### Your goal
Which of the lines below hold "subseteq"? Please return each one.
== Exercise materials ==
lemma grd5_below_b: "s < b \<Longrightarrow> grd5 a b s = grd3 a s"
  using a2 b3 by (simp add: grd5_eq_div_mod)

lemma grd5_from_b:
  assumes "b \<le> s" "s < a + b - 1"
  shows "grd5 a b s = 1 + (s - b)"
proof -
  have "s div b = 1" "s mod b = s - b" using assms a2 b3 by (simp_all add: le_div_geq le_mod_geq)
  moreover have "grd3 a (s - b) = s - b" using grd3_small assms by simp
  ultimately show ?thesis using assms by (simp add: grd5_eq_div_mod)
qed

lemma grd5_from_ab1:
  assumes "a + b - 1 \<le> s" "s < 2*b - 1"
  shows "grd5 a b s = 1 + grd3 a (s - (a + b - 1))"
proof -
  have "s div (a + b - 1) = 1" "s mod (a + b - 1) = s - (a + b - 1)"
    using assms a2 b3 by (simp_all add: le_div_geq le_mod_geq)
  moreover have "s - (a + b - 1) < b" using assms a2 by simp
  ultimately show ?thesis by (simp add: grd5_eq_div_mod)
qed

lemma counterexample_2b: "counterexample [1, a, 2*a - 1, b, a + b - 1] (2*b)"
proof -
  have sys: "is_system [1, a, 2*a - 1, b, a + b - 1]"
    using is_system_coins by (simp add: is_system_def)
  have "[0, 0, 0, 2, 0] \<in> reps [1, a, 2*a - 1, b, a + b - 1] (2*b)"
    by (simp add: reps_def lessThan_Suc numeral_eq_Suc)
  then have opt: "opt [1, a, 2*a - 1, b, a + b - 1] (2*b) \<le> 2"
    using opt_le_sum_list[OF sys] by fastforce
  have "2*b div (a + b - 1) = 1" "2*b mod (a + b - 1) = b - a + 1" "b - a + 1 < b"
    using a2 b3 by (simp_all add: le_div_geq le_mod_geq)
  then have grd: "grd [1, a, 2*a - 1, b, a + b - 1] (2*b) = 1 + grd3 a (b - a + 1)"
    using grd5_eq_div_mod[of "2*b"] by (simp add: grd5_def)
  have "b - a + 1 = (b + 2 - 3*a) + (2*a - 1)" using a2 b3 by arith
  then have "grd3 a (b - a + 1) = grd3 a (b + 2 - 3*a) + 1"
    using grd3_add_2a1[of "b + 2 - 3*a"] by argo
  moreover have "0 < grd3 a (b + 2 - 3*a)" using grd3_pos b3 by simp
  ultimately show ?thesis using opt grd a2 b3 by (simp add: counterexample_def)
qed

lemma grd3_b_minus_1_ge:
  assumes lower: "a + b - 1 \<le> l * (2*a - 1)"
    and upper: "l * (2*a - 1) < a + b - 1 + (2*a - 1)"
    and grd_le: "grd5 a b (l * (2*a - 1)) \<le> l"
  shows "a - 1 \<le> grd3 a (b - 1)"
proof -
  define r where "r = l * (2*a - 1) - (a + b - 1)"
  have r: "r < 2*a - 1" "l * (2*a - 1) = a + b - 1 + r"
    using lower upper by (simp_all add: r_def)
  have "grd5 a b (l * (2*a - 1)) = 1 + (if r < a then r else r - a + 1)"
    using grd5_from_ab1 grd3_eq[OF r(1), of 0] r a2 b3 by simp
  then have l_ge: "1 + (if r < a then r else r - a + 1) \<le> l" using grd_le by simp
  show ?thesis
  proof (cases "r < a")
    case True
    have "l \<ge> 1" using l_ge by simp
    then have "(l - 1) * (2*a - 1) + (2*a - 1) = l * (2*a - 1)"
      by (metis add.commute le_add_diff_inverse mult_Suc plus_1_eq_Suc)
    then have e: "b - 1 = (l - 1) * (2*a - 1) + (a - 1 - r)"
      using r True a2 by linarith
    have "grd3 a (b - 1) = (l - 1) + (if a - 1 - r < a then a - 1 - r else a - 1 - r - a + 1)"
      unfolding e by (rule grd3_eq) (use a2 in arith)
    then show ?thesis using l_ge True by simp
  next
    case False
    have "l \<ge> 2" using l_ge False by simp
    then have "(l - 2) * (2*a - 1) + 2 * (2*a - 1) = l * (2*a - 1)"
      by (metis add_mult_distrib le_add_diff_inverse2)
    then have e: "b - 1 = (l - 2) * (2*a - 1) + (3*a - 2 - r)"
      using r False a2 by linarith
    have "grd3 a (b - 1) =
        (l - 2) + (if 3*a - 2 - r < a then 3*a - 2 - r else 3*a - 2 - r - a + 1)"
      unfolding e by (rule grd3_eq) (use False r(1) in arith)
    moreover have "\<not> 3*a - 2 - r < a" using r(1) by arith
    ultimately show ?thesis using l_ge False r(1) by simp
  qed
qed
lemma rg_prob_tree_and_no_cut_edge_le:
  assumes j: "(S, F) \<in> rooted_trees n i r"
  shows "rg_prob p n (\<lambda>G. F \<subseteq> G \<and> G \<inter> cut_edges n S = {}) \<le> hi ^ (r - 1) * (1 - lo) ^ (r * (n - r))"
proof -
  note SF = rooted_treesD[OF j]
  have cut: "cut_edges n S \<subseteq> Kn_edges n"
    unfolding cut_edges_def by blast
  have "F \<inter> cut_edges n S = {}"
    using SF(4) unfolding is_tree_on_def cut_edges_def
    by (auto simp: doubleton_in_complete_edges_iff)
  then have "rg_prob p n (\<lambda>G. F \<subseteq> G \<and> G \<inter> cut_edges n S = {})
      = (\<Prod>e\<in>F. p n e) * (\<Prod>e\<in>cut_edges n S. 1 - p n e)"
    by (rule rg_prob_edges_fixed[OF SF(6) cut])
  also have "\<dots> \<le> hi ^ (r - 1) * (1 - lo) ^ (r * (n - r))"
  proof (rule mult_mono)
    have "(\<Prod>e\<in>F. p n e) \<le> (\<Prod>e\<in>F. hi)"
      using SF(6) p_in_unit_interval p_bounds by (intro prod_mono) blast
    then show "(\<Prod>e\<in>F. p n e) \<le> hi ^ (r - 1)"
      using SF(7) by simp
    have "(\<Prod>e\<in>cut_edges n S. 1 - p n e) \<le> (\<Prod>e\<in>cut_edges n S. 1 - lo)"
      using cut p_in_unit_interval p_bounds by (intro prod_mono) force
    also have "\<dots> \<le> (1 - lo) ^ (r * (n - r))"
      using card_cut_edges_ge[OF SF(1)] SF(3) lo_nonneg lo_le_hi hi_le_1
      by (simp add: power_decreasing)
    finally show "(\<Prod>e\<in>cut_edges n S. 1 - p n e) \<le> (1 - lo) ^ (r * (n - r))" .
    show "0 \<le> hi ^ (r - 1)"
      using lo_nonneg lo_le_hi by simp
    show "0 \<le> (\<Prod>e\<in>cut_edges n S. 1 - p n e)"
      using cut p_in_unit_interval by (intro prod_nonneg) force
  qed
  finally show ?thesis .
qed

lemma rg_prob_incident_edges_eq_tree_ge:
  assumes j: "(S, F) \<in> rooted_trees n i r"
  shows "lo ^ (r - 1) * (1 - hi) ^ (r * n) \<le> rg_prob p n (\<lambda>G. G \<inter> incident_edges n S = F)"
proof -
  note SF = rooted_treesD[OF j]
  let ?M = "incident_edges n S - F"
  have M: "?M \<subseteq> Kn_edges n"
    unfolding incident_edges_def by blast
  have FM: "F \<subseteq> incident_edges n S"
    using SF(2,4,6) unfolding is_tree_on_def incident_edges_def
    by (auto elim!: complete_edgesE)
  have "lo ^ (r - 1) * (1 - hi) ^ (r * n) \<le> (\<Prod>e\<in>F. p n e) * (\<Prod>e\<in>?M. 1 - p n e)"
  proof (rule mult_mono)
    have "lo ^ (r - 1) = (\<Prod>e\<in>F. lo)"
      using SF(7) by simp
    also have "\<dots> \<le> (\<Prod>e\<in>F. p n e)"
      using SF(6) p_bounds lo_nonneg by (intro prod_mono) blast
    finally show "lo ^ (r - 1) \<le> (\<Prod>e\<in>F. p n e)" .
    have "card ?M \<le> card (incident_edges n S)"
      using finite_Kn_edges[of n] unfolding incident_edges_def by (intro card_mono) auto
    then have "card ?M \<le> r * n"
      using card_incident_edges_le[OF SF(1)] SF(3) by simp
    then have "(1 - hi) ^ (r * n) \<le> (1 - hi) ^ card ?M"
      using lo_nonneg lo_le_hi hi_le_1 by (intro power_decreasing) auto
    also have "\<dots> = (\<Prod>e\<in>?M. 1 - hi)"
      by simp
    also have "\<dots> \<le> (\<Prod>e\<in>?M. 1 - p n e)"
      using M p_bounds hi_le_1 by (intro prod_mono) force
    finally show "(1 - hi) ^ (r * n) \<le> (\<Prod>e\<in>?M. 1 - p n e)" .
    show "0 \<le> (\<Prod>e\<in>F. p n e)"
      using SF(6) p_in_unit_interval by (intro prod_nonneg) blast
    show "0 \<le> (1 - hi) ^ (r * n)"
      using hi_le_1 by simp
  qed
  also have "\<dots> = rg_prob p n (\<lambda>G. F \<subseteq> G \<and> G \<inter> ?M = {})"
    by (rule rg_prob_edges_fixed[OF SF(6) M, symmetric]) blast
  also have "\<dots> = rg_prob p n (\<lambda>G. G \<inter> incident_edges n S = F)"
    using FM by (intro rg_prob_cong) auto
  finally show ?thesis .
qed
===
### Solution to the problem
  shows "rg_prob p n (\<lambda>G. F \<subseteq> G \<and> G \<inter> cut_edges n S = {}) \<le> hi ^ (r - 1) * (1 - lo) ^ (r * (n - r))"
  have cut: "cut_edges n S \<subseteq> Kn_edges n"
  then have "rg_prob p n (\<lambda>G. F \<subseteq> G \<and> G \<inter> cut_edges n S = {})
  have M: "?M \<subseteq> Kn_edges n"
  have FM: "F \<subseteq> incident_edges n S"
  also have "\<dots> = rg_prob p n (\<lambda>G. F \<subseteq> G \<and> G \<inter> ?M = {})"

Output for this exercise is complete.